◆ Supplied records ◆
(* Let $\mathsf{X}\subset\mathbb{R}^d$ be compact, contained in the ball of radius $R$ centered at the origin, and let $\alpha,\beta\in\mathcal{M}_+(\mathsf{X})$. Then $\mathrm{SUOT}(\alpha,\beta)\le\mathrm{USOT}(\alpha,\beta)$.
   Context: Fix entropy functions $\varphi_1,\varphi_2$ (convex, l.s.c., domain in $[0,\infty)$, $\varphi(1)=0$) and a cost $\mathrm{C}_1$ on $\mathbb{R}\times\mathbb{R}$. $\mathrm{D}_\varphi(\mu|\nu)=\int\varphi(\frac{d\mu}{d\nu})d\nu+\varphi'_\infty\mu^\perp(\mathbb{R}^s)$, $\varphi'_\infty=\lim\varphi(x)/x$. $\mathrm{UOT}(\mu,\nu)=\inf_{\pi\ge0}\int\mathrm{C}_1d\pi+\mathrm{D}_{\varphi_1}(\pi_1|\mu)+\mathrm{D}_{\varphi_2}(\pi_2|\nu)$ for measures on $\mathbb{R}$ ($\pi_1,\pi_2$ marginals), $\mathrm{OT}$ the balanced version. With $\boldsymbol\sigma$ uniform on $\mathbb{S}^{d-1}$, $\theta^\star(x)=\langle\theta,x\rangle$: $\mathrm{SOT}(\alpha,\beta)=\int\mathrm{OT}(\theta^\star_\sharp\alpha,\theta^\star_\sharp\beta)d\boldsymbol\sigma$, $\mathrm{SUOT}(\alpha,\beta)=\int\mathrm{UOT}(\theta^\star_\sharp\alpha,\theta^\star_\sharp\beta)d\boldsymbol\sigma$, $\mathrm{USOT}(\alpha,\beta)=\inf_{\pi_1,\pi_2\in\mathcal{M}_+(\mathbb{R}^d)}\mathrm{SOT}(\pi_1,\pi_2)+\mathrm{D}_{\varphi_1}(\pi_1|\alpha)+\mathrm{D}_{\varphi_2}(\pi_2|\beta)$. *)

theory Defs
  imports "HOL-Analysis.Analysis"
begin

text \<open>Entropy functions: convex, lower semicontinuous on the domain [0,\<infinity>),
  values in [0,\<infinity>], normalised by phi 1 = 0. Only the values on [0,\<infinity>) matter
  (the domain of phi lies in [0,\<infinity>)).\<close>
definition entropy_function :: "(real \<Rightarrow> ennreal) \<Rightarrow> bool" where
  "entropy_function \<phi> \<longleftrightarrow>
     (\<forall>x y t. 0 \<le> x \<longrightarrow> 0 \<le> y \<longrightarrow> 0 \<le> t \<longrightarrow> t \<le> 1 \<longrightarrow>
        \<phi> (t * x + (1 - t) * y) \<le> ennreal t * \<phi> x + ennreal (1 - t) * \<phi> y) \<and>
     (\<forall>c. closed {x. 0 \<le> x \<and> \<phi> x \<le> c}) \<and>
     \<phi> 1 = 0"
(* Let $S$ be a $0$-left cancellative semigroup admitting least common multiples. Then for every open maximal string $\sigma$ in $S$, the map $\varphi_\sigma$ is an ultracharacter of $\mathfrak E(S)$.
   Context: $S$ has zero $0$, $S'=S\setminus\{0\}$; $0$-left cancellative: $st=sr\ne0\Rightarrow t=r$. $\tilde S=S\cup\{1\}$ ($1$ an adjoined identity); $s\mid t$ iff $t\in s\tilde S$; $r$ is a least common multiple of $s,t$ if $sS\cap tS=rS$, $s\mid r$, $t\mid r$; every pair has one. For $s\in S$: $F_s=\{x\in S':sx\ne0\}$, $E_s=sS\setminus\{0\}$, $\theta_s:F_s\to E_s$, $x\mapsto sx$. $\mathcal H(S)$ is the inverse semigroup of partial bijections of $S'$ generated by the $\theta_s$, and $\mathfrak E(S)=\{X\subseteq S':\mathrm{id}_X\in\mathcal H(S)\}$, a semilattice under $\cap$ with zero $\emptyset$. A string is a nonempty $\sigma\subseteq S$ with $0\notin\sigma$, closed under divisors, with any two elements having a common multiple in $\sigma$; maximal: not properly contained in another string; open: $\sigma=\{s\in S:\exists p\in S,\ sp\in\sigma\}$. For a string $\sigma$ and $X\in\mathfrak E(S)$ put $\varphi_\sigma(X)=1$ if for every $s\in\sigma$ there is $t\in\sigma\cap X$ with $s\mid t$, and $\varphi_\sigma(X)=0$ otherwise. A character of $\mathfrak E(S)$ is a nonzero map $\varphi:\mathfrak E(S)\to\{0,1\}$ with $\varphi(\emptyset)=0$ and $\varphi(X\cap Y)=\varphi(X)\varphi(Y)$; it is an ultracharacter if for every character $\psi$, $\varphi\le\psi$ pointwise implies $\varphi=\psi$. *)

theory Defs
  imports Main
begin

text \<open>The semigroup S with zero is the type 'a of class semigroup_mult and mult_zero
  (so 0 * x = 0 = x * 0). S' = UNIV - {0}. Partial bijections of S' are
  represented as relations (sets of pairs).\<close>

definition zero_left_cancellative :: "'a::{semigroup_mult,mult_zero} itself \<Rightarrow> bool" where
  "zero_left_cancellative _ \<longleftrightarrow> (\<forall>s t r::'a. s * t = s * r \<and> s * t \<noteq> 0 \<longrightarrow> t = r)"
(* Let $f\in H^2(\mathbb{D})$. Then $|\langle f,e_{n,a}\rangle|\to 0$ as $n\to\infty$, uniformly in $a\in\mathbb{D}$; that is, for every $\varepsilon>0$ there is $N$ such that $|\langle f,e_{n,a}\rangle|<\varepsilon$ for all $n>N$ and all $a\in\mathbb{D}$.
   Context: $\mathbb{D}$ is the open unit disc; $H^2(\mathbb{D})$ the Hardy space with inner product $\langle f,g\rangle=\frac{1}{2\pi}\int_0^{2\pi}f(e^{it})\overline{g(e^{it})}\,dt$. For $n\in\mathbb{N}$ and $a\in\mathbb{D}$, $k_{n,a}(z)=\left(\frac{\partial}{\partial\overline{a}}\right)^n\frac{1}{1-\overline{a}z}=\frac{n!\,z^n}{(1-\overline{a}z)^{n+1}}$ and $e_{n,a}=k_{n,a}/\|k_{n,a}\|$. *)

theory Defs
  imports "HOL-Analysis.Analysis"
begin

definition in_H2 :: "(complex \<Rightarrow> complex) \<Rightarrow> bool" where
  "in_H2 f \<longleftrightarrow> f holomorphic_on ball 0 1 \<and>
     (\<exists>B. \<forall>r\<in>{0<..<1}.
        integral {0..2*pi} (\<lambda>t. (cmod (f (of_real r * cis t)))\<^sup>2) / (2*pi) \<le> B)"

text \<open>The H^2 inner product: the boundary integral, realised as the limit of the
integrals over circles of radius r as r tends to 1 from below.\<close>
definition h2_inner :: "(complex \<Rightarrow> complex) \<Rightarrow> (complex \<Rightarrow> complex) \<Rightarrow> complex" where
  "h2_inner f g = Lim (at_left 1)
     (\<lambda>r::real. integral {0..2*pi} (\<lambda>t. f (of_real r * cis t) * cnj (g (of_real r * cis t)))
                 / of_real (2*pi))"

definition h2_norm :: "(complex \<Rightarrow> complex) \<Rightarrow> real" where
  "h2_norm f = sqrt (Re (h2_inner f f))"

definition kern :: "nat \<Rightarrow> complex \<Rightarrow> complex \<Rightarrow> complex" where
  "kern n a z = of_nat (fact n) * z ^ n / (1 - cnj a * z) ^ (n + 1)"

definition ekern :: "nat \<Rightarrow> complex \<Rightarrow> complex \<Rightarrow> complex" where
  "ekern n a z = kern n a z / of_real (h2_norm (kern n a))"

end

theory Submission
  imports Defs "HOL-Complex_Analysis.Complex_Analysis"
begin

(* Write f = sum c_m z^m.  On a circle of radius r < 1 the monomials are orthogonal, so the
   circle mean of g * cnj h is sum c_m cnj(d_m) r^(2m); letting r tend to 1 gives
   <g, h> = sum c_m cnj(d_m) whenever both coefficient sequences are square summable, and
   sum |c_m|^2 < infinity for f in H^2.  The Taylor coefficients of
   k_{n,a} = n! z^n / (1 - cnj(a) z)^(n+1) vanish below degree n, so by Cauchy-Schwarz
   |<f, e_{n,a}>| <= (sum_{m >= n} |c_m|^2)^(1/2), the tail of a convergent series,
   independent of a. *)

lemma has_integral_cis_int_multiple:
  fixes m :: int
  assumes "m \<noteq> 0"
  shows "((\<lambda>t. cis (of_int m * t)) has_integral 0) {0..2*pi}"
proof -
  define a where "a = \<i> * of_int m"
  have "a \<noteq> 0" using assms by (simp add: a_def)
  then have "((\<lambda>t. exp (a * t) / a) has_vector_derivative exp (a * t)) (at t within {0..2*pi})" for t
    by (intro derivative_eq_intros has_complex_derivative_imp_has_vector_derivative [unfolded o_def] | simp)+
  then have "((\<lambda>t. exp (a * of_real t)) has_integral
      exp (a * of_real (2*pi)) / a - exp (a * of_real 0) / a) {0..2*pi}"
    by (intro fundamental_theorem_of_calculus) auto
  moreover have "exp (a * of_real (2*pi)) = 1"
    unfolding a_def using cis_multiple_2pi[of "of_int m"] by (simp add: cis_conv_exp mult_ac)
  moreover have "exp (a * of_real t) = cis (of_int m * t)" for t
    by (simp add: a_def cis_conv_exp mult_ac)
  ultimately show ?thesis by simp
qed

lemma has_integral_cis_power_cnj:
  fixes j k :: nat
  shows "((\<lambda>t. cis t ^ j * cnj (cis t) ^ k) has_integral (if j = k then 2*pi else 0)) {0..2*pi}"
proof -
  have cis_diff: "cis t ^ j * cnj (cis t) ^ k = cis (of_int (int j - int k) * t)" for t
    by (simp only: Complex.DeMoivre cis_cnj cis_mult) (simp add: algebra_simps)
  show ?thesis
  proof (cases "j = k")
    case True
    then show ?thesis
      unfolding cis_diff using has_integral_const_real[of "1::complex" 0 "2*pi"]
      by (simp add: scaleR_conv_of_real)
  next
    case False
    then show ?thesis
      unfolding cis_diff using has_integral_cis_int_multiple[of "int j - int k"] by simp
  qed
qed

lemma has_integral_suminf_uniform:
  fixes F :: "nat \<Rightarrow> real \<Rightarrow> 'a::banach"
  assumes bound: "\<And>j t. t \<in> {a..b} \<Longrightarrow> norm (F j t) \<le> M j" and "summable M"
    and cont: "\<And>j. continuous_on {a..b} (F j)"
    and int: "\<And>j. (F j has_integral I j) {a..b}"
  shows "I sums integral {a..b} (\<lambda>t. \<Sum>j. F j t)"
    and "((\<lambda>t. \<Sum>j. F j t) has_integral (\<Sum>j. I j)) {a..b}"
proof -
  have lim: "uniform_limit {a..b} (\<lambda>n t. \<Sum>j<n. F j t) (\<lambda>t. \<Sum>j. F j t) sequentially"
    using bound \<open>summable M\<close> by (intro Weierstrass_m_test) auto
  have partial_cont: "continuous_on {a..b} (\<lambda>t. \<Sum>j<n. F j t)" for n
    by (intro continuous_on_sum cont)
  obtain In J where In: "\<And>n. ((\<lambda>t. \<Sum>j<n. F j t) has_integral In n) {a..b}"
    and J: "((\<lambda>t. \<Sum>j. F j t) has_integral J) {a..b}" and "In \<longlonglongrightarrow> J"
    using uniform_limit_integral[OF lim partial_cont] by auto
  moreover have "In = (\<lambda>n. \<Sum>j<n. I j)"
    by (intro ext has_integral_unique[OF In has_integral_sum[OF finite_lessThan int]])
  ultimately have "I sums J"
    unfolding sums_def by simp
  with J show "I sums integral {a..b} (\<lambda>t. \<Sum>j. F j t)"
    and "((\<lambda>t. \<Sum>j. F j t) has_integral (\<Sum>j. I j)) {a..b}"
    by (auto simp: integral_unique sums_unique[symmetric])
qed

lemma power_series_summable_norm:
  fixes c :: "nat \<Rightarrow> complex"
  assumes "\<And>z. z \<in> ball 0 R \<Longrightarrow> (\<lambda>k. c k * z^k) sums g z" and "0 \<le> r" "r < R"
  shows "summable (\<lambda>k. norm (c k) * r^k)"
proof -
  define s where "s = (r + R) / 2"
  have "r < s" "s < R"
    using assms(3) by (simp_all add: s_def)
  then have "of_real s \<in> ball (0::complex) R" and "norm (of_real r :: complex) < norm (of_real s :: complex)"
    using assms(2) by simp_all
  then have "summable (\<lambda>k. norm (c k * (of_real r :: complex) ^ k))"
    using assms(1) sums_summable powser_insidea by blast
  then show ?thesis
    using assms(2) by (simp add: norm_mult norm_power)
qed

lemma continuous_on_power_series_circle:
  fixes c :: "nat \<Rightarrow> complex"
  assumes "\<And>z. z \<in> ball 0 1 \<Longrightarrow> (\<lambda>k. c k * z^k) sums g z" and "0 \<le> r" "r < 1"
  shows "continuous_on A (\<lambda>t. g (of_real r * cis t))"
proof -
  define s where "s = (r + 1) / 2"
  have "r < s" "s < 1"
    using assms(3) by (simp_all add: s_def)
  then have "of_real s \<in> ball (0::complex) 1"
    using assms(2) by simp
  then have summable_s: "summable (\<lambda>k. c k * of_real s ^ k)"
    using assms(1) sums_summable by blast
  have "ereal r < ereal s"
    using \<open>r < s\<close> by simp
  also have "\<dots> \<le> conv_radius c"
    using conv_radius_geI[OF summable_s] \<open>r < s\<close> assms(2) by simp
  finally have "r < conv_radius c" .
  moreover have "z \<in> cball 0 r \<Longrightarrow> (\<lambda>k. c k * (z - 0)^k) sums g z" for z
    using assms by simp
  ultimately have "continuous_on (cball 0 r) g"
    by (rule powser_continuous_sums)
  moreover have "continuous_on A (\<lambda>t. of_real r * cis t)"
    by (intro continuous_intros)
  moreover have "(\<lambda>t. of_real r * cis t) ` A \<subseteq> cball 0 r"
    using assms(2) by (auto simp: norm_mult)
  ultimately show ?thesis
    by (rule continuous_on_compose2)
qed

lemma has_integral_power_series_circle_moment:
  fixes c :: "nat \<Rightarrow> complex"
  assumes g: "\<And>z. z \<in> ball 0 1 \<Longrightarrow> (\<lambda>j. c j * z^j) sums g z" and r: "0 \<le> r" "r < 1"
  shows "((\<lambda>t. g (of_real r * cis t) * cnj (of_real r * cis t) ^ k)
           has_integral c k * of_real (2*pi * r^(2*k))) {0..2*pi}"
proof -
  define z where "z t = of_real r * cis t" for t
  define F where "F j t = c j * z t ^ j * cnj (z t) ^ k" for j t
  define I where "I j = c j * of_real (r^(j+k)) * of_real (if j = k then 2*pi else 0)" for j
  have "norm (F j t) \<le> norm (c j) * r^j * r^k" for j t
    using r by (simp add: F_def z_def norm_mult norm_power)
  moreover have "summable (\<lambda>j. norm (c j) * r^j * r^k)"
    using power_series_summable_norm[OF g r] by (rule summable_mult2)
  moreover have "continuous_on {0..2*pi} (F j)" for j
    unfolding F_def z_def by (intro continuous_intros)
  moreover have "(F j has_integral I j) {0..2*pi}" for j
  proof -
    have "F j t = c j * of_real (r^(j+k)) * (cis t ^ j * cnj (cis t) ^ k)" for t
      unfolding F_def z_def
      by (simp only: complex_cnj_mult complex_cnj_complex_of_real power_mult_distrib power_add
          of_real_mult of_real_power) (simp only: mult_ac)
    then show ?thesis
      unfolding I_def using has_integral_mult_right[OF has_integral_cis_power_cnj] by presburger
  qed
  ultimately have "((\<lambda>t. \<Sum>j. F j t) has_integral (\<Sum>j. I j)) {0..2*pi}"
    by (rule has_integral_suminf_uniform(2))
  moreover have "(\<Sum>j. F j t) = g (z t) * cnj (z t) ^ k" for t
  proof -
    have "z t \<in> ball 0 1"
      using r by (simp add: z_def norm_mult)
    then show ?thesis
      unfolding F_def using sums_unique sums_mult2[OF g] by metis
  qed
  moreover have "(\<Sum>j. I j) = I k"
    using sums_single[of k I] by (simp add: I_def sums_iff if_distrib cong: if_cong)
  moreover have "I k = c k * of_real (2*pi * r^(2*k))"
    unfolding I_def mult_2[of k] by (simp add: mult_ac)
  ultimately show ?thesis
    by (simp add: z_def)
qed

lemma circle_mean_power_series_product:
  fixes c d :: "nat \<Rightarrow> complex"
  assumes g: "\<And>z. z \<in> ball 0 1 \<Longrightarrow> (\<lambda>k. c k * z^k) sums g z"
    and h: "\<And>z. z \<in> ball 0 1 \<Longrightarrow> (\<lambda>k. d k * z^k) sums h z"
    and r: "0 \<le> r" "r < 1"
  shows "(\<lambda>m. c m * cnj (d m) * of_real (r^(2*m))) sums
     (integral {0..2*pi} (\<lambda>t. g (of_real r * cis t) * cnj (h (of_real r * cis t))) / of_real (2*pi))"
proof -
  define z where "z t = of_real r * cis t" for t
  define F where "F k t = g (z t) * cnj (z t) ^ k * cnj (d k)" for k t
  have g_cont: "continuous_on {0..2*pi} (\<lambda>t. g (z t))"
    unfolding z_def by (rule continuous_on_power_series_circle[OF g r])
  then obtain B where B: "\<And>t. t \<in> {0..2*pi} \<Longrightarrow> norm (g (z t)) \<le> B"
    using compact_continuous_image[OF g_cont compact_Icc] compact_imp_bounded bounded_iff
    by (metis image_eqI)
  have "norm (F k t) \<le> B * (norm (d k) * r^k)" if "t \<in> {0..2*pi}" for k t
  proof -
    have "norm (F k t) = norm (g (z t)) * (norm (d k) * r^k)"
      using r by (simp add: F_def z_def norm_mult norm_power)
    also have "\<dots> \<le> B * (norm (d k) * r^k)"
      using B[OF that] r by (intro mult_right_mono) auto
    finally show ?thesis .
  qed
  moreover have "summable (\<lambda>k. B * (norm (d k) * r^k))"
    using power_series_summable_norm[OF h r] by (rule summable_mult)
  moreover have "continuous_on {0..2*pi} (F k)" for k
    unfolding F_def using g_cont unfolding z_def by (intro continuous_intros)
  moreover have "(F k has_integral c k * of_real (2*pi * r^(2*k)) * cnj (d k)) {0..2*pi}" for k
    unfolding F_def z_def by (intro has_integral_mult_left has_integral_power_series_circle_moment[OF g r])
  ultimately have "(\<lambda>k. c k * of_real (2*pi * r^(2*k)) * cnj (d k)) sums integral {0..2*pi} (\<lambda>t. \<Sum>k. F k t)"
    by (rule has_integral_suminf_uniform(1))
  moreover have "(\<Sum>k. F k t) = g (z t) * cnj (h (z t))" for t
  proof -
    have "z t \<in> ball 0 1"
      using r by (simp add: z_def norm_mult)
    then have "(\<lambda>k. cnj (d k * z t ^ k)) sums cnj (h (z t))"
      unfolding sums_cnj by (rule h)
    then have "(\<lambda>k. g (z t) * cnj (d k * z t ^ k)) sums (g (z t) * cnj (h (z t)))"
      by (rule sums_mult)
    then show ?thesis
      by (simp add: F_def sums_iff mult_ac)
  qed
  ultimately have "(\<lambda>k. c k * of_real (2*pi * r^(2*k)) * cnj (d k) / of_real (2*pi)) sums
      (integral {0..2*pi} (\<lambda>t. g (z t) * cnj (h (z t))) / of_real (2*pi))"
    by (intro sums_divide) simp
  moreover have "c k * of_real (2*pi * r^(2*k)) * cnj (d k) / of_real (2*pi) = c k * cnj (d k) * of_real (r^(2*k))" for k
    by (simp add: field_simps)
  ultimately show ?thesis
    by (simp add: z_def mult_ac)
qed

◆ Problem description ◆
Please reproduce exactly the lines in the listing above from the one containing "by (intro continuous_on_sum cont)" through the one containing "with J show", both included, and nothing more.

◆ Response area ◆
    by (intro continuous_on_sum cont)
  obtain In J where In: "\<And>n. ((\<lambda>t. \<Sum>j<n. F j t) has_integral In n) {a..b}"
    and J: "((\<lambda>t. \<Sum>j. F j t) has_integral J) {a..b}" and "In \<longlonglongrightarrow> J"
    using uniform_limit_integral[OF lim partial_cont] by auto
  moreover have "In = (\<lambda>n. \<Sum>j<n. I j)"
    by (intro ext has_integral_unique[OF In has_integral_sum[OF finite_lessThan int]])
  ultimately have "I sums J"
    unfolding sums_def by simp
  with J show "I sums integral {a..b} (\<lambda>t. \<Sum>j. F j t)"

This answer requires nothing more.